Is thisWhat the Fuck Day? Did I miss it marked on the calendar?

Because something’s wrong when you have to explain to a Sikh man why it’s not okay to parody an English girl impersonating a Japanese girl in the workplace.

‘I just thought it was cute.’ He shrugs, all affable again. ‘If you want to have a go at someone, have a go at her boss. He was telling everyone he thinks she’s lying about having a boyfriend because she likes girls. It almost broke my heart to hear it, but then I had a think about it and—’

‘Stop. I don’t need to know.’ If lesbians have no interest in straight men, then straight men have no such compunction.

‘I was gonna say he’s a real nasty piece of work. And that I don’t believe it.’

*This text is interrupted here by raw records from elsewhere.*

theorem length_reduction_B:
  assumes D: "D \<subseteq> posB n" "orthogonal_set n D" "eps 1 \<in> D" "\<forall>k. 2 \<le> k \<longrightarrow> eps k \<notin> D"
  defines "Pt \<equiv> posB n - (colset (posB n) 1 \<union> rowset (posB n) 0)"
  shows "len (posB n) (sigma n D) = len' Pt (sigma n (D \<inter> Pt)) + card (colset (posB n) 1)
          + 2 * card {\<beta> \<in> D \<inter> Pt. row \<beta> < 0}"
proof -
  let ?X = "long_roots n \<union> short_roots n 1" and ?t = "sigma n (D - {eps 1})"
  have col: "colset (posB n) 1 = {x \<in> posB n. x 1 \<noteq> 0}" by (rule colset_one[of _ n]) simp
  have Pt: "Pt = {x \<in> long_pos n. x 1 = 0}"
    unfolding Pt_def col rowset_zero_B using long_pos_subset by blast
  have Dt: "D \<inter> Pt = D - {eps 1}" using other_roots_B[OF D] Pt by (auto simp: vec_simps)
  have n: "1 \<le> n" using D(1,3) first_coord_nonzero_range[of "eps 1" n] by (auto simp: vec_simps)
  have orth: "orthogonal_set n (D - {eps 1})" using D(2) orthogonal_set_subset by blast
  have "len (posB n) (sigma n D) =
          card (colset (posB n) 1) + card {\<alpha> \<in> posB n. \<alpha> 1 = 0 \<and> vneg (?t \<alpha>) \<in> posB n}"
  proof (rule len_remove_first_root[OF _ D(2) _ D(3) refl_eps _ roots_B_closed])
    show "\<forall>x\<in>?X. x \<in> posB n \<or> vneg x \<in> posB n" using roots_B by blast
  qed (use D(1) other_roots_B[OF D] posB_roots finite_posB finite_subset[OF D(1) finite_posB] n in auto)
  also have "{\<alpha> \<in> posB n. \<alpha> 1 = 0 \<and> vneg (?t \<alpha>) \<in> posB n} =
               {\<alpha> \<in> Pt. ?t \<alpha> \<notin> Pt} \<union> {\<alpha> \<in> eps ` {1..n}. vneg (?t \<alpha>) \<in> posB n}"
    unfolding Pt by (rule negative_first_coord_zero_B[OF other_roots_B[OF D] orth])
  also have "card \<dots> = len' Pt ?t + 2 * card {\<beta> \<in> D - {eps 1}. row \<beta> < 0}"
  proof -
    have "finite Pt" using finite_long_pos Pt by simp
    moreover have "Pt \<inter> eps ` {1..n} = {}" using Pt eps_not_long_pos by blast
    moreover have "D - {eps 1} \<subseteq> long_pos n" using other_roots_B[OF D] by blast
    ultimately show ?thesis
      using short_roots_made_negative[OF _ orth]
      by (simp add: card_Un_disjoint len'_def disjoint_iff)
  qed
  finally show ?thesis unfolding Dt by simp
qed

theorem lemma3p4:
  fixes n :: nat
  shows
  "(\<forall>D. D \<subseteq> posB n \<and> orthogonal_set n D \<and> eps 1 \<in> D
        \<and> (\<forall>k. 2 \<le> k \<longrightarrow> eps k \<notin> D) \<longrightarrow>
      (let Pt = posB n - (colset (posB n) 1 \<union> rowset (posB n) 0);
           Dt = D \<inter> Pt in
       len (posB n) (sigma n D) =
         len' Pt (sigma n Dt) + card (colset (posB n) 1)
         + 2 * card {\<beta> \<in> Dt. row \<beta> < 0}
       \<and> card (colset (posB n) 1) = 2 * n - 1))
   \<and>
   (\<forall>D. D \<subseteq> posC n \<and> orthogonal_set n D
        \<and> D \<inter> colset (posC n) 1 = {vscale 2 (eps 1)} \<longrightarrow>
      (let Pt = posC n - colset (posC n) 1;
           Dt = D \<inter> Pt in
       len (posC n) (sigma n D) = len' Pt (sigma n Dt) + card (colset (posC n) 1)
       \<and> card (colset (posC n) 1) = 2 * n - 1))"
  unfolding Let_def
  using length_reduction_B[of _ n] length_reduction_C[of _ n] card_colset_B[of n] card_colset_C[of n]
  by blast
(* Let $\varphi=\frac{1+\sqrt5}{2}$. Let $z\in\{0,1\}^*$, $n=[z]_F$ and $n'=[z0]_F$, and suppose $n\geq 1$ and ${\bf f}[n]=a$. Then $\lceil n/\varphi^2\rceil=\lceil n'/\varphi^3\rceil$.
   Context: Fibonacci numbers: $F_0=0$, $F_1=1$, $F_{m+2}=F_{m+1}+F_m$. For a binary word $k_m\cdots k_0$, $[k_m\cdots k_0]_F=\sum_{i=0}^m k_iF_{i+2}$. Standard Fibonacci words: $f_{-1}=b$, $f_0=a$, $f_{m+1}=f_mf_{m-1}$; the Fibonacci word ${\bf f}=\lim f_m=abaababaab\cdots$ is indexed from ${\bf f}[1]=a$. *)

theory Defs
  imports Complex_Main "HOL-Number_Theory.Fib"
begin

fun fibval :: "nat list \<Rightarrow> nat" where
  "fibval [] = 0"
| "fibval (k # ks) = k * fib (length ks + 2) + fibval ks"

datatype letter = a | b

text \<open>Standard Fibonacci words, shifted by one: fword m = f_(m-1),
  so fword 0 = f_(-1) = b, fword 1 = f_0 = a, f_(m+1) = f_m f_(m-1).\<close>
fun fword :: "nat \<Rightarrow> letter list" where
  "fword 0 = [b]"
| "fword (Suc 0) = [a]"
| "fword (Suc (Suc m)) = fword (Suc m) @ fword m"

text \<open>The infinite Fibonacci word, 1-indexed: f[n] for n >= 1. Since each f_m is a prefix of
  f_(m+1) and |f_(n+1)| = F_(n+3) >= n, the n-th letter of the limit is read off f_(n+1).\<close>
definition fibword :: "nat \<Rightarrow> letter" where
  "fibword n = fword (n + 2) ! (n - 1)"

definition phi :: real where
  "phi = (1 + sqrt 5) / 2"

end

theory Submission
  imports Defs
begin

text \<open>
  Write \<rho> = \<phi> - 1 = 1/\<phi>. First, the Fibonacci word is the lower mechanical word of slope \<rho>:
  f[n] = a iff floor((n+1)\<rho>) = floor(n\<rho>) + 1. This follows from f_(m+1) = f_m f_(m-1) by
  induction, because floor((F_(j+2) + q)\<rho>) = F_(j+1) + floor(q\<rho>) for 1 \<le> q \<le> F_(j+1) + 1: the
  error F_(j+2) \<rho> - F_(j+1) = \<plusminus>\<rho>^(j+2) is smaller than the distance from q\<rho> to any integer t,
  since |q\<rho> - t| (q\<phi> + t) = |q^2 - qt - t^2| \<ge> 1 by the irrationality of \<surd>5.
  Second, appending a 0 to a 0-1 word multiplies its value by \<phi> up to an error in (-\<rho>^2, \<rho>),
  as appending a digit d turns the error E into d\<rho>^2 - \<rho>E. So f[n] = a forces
  n' = n + floor(n\<rho>) + 1, and then n/\<phi>^2 = n - n\<rho> and n'/\<phi>^3 = n'(2\<rho> - 1) both have ceiling
  n - floor(n\<rho>).
\<close>

definition \<rho> :: real where
  "\<rho> = phi - 1"

lemma phi_squared: "phi\<^sup>2 = phi + 1"
  unfolding phi_def by (simp add: power2_eq_square field_simps)

lemma phi_times_rho: "phi * \<rho> = 1"
  using phi_squared unfolding \<rho>_def by (simp add: power2_eq_square algebra_simps)

lemma rho_squared: "\<rho>\<^sup>2 = 1 - \<rho>"
  using phi_times_rho unfolding \<rho>_def by (simp add: power2_eq_square algebra_simps)

lemma rho_cubed: "\<rho> ^ 3 = 2 * \<rho> - 1"
proof -
  have "\<rho> ^ 3 = \<rho> * \<rho>\<^sup>2" by (simp add: power2_eq_square power3_eq_cube)
  also have "\<dots> = \<rho> * (1 - \<rho>)" by (simp only: rho_squared)
  also have "\<dots> = \<rho> - \<rho>\<^sup>2" by (simp add: power2_eq_square algebra_simps)
  finally show ?thesis by (simp add: rho_squared)
qed
lemma compactin_vec_top_sup_norm_bounded:
  fixes K :: "('n::finite \<Rightarrow> 'k) set"
  assumes "compactin (vec_top nv) K"
  obtains R where "R > 0" and "\<And>v. v \<in> K \<Longrightarrow> sup_norm nv v \<le> R"
proof -
  have "compactin (field_top nv) ((\<lambda>v. v i) ` K)" for i
    using image_compactin[OF assms[unfolded vec_top_def] continuous_map_product_projection]
    by simp
  then have "\<exists>R. \<forall>v\<in>K. nv (v i) \<le> R" for i
    by (metis compactin_field_top_bounded image_eqI)
  then obtain R where R: "\<And>i v. v \<in> K \<Longrightarrow> nv (v i) \<le> R i"
    by metis
  show thesis
  proof
    show "max (Max (range R)) 1 > 0"
      by simp
    fix v :: "'n \<Rightarrow> 'k"
    assume "v \<in> K"
    have "R i \<le> Max (range R)" for i
      by (rule Max_ge) auto
    then show "sup_norm nv v \<le> max (Max (range R)) 1"
      unfolding sup_norm_le_iff using R[OF \<open>v \<in> K\<close>] by (meson max.coboundedI1 order_trans)
  qed
qed

lemma inj_mat_app_imp_coercive:
  fixes F :: "'n::finite \<Rightarrow> 'm::finite \<Rightarrow> 'k"
  assumes "inj (mat_app F)"
  obtains C where "C > 0" and "\<And>w. sup_norm nv w \<le> C * sup_norm nv (mat_app F w)"
proof -
  obtain B where B: "\<And>w. mat_app B (mat_app F w) = w"
    using inj_mat_app_imp_left_inverse[OF assms] by blast
  show thesis
  proof
    show "mat_norm nv B + 1 > 0"
      using mat_norm_nonneg[of B] by simp
    fix w
    have "sup_norm nv w \<le> mat_norm nv B * sup_norm nv (mat_app F w)"
      using sup_norm_mat_app_le[of B "mat_app F w"] by (simp add: B)
    also have "\<dots> \<le> (mat_norm nv B + 1) * sup_norm nv (mat_app F w)"
      by (simp add: distrib_right sup_norm_nonneg)
    finally show "sup_norm nv w \<le> (mat_norm nv B + 1) * sup_norm nv (mat_app F w)" .
  qed
qed

lemma coercive_perturb:
  assumes "0 \<le> C"
    and coercive: "\<And>w. sup_norm nv w \<le> C * sup_norm nv (mat_app F0 w)"
    and small: "C * mat_norm nv (F - F0) < 1"
  shows "sup_norm nv w \<le> C * sup_norm nv (mat_app F w)"
proof -
  define s where "s = sup_norm nv w"
  define t where "t = sup_norm nv (mat_app F w)"
  define d where "d = mat_norm nv (F - F0)"
  have "mat_app F0 w = mat_app F w - mat_app (F - F0) w"
    by (simp add: mat_app_diff_left fun_eq_iff)
  then have "sup_norm nv (mat_app F0 w) \<le> max t (sup_norm nv (mat_app (F - F0) w))"
    unfolding t_def by (simp only: sup_norm_diff_le_max)
  also have "\<dots> \<le> max t (d * s)"
    unfolding d_def s_def by (intro max.mono order_refl sup_norm_mat_app_le)
  finally have s_le: "s \<le> C * max t (d * s)"
    using coercive[of w] mult_left_mono[OF _ assms(1)] unfolding s_def by (meson order_trans)
  show ?thesis
  proof (cases "d * s \<le> t")
    case True
    then show ?thesis
      using s_le unfolding s_def t_def by (simp add: max_def)
  next
    case False
    then have "s \<le> (C * d) * s"
      using s_le by (simp add: max_def mult.assoc)
    moreover have "0 \<le> s"
      unfolding s_def by (rule sup_norm_nonneg)
    ultimately have "s = 0"
      using small mult_strict_right_mono[of "C * d" 1 s] unfolding d_def by fastforce
    then show ?thesis
      using assms(1) sup_norm_nonneg[of "mat_app F w"] unfolding s_def by simp
  qed
qed
(* Let $h\in(0,2\pi)$, $\alpha>0$ and $T>0$ be constants. Let $k\colon[0,2\pi]\to(0,+\infty)$ be a twice continuously differentiable positive function with $k(0)=k(2\pi)$, $k'(0)=k'(2\pi)$, and let $\varphi\colon[-h,2\pi]\to[0,+\infty)$ be a twice continuously differentiable nonnegative function with $\int_0^{2\pi}\varphi(x)\,\mathrm{d}x=1$ and $\varphi(x)=\varphi(x+2\pi)$ for all $x\in[-h,0]$. Put $$\bar k=\max_{0\le x\le 2\pi}\max\{|k(x)|,|k'(x)|,|k''(x)|\}.$$ Define the sequence $(u^m)_{m\ge 0}$ of functions on $[0,2\pi]\times[0,T]$ by $u^0(x,t)=\varphi(x)$ and, for $m\ge0$, $u^{m+1}$ is the solution $v$ of the linear problem $$\frac{\partial v}{\partial t}-\alpha\frac{\partial^2 v}{\partial x^2}=\mathcal F u^m(x,t),\quad v(x,0)=\varphi(x),\quad v(0,t)=v(2\pi,t),\quad \frac{\partial v}{\partial x}(0,t)=\frac{\partial v}{\partial x}(2\pi,t),$$ for $0\le x\le 2\pi$, $0\le t\le T$, where $$\mathcal F u^m(x,t)=u^m(x,t)\bigl(k(x)\,u^m(x-h,t)-f[u^m(\cdot,t)]\bigr),\qquad f[u^m(\cdot,t)]=\int_0^{2\pi}k(x)\,u^m(x,t)\,u^m(x-h,t)\,\mathrm{d}x,$$ with the convention $u^m(x-h,t)=u^m(x-h+2\pi,t)$ whenever $x-h<0$. Then, if $\bar k$ is sufficiently small, the sequence of norms $\|u^m\|_{\mathbf C^{2,1}([0,2\pi]\times[0,T])}$, $m=0,1,2,\dots$, is uniformly bounded.
   Context: $\mathbf C^{2,1}([0,2\pi]\times[0,T])$ denotes the Banach space of continuous functions $w(x,t)$ on $[0,2\pi]\times[0,T]$ such that $\partial w/\partial x$, $\partial^2 w/\partial x^2$, $\partial w/\partial t$ are continuous on $[0,2\pi]\times[0,T]$ (continuity up to the boundary meaning the limits from the interior exist and are taken as boundary values), with norm $$\|w\|_{\mathbf C^{2,1}}=\max_{0\le x\le2\pi,\,0\le t\le T}\Bigl\{|w|+\Bigl|\tfrac{\partial w}{\partial x}\Bigr|+\Bigl|\tfrac{\partial^2 w}{\partial x^2}\Bigr|+\Bigl|\tfrac{\partial w}{\partial t}\Bigr|\Bigr\}.$$ $\mathbf C^{2}([0,2\pi])$ is defined analogously without $t$. "Sufficiently small" means: there is a threshold, depending on the remaining data ($\alpha$, $T$, $\varphi$), such that the conclusion holds whenever $\bar k$ is below it. *)

theory Defs
  imports "HOL-Analysis.Analysis"
begin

‘It’s fucking nuts.’ She was with girls last night, but they looked like mates, not conquests. ‘You know, this is the worst place I’ve ever known for gossip and intrigues. People must have far too much time on their hands.’

‘I reckon he fancies her.’

‘Seems the obvious answer.’ And he seems like the type.

‘Hey, is the Fact Controller gonna be down for this meeting this afternoon?’

‘Who?’

‘The big boss. Lambeth. ’Cause he looks like the fat geezer off Thomas the Tank Engine, right?’

‘Why?’ I ask, ignoring the rest.

‘’Cause he’ll go straight to Hez, I mean, Heather’s office.’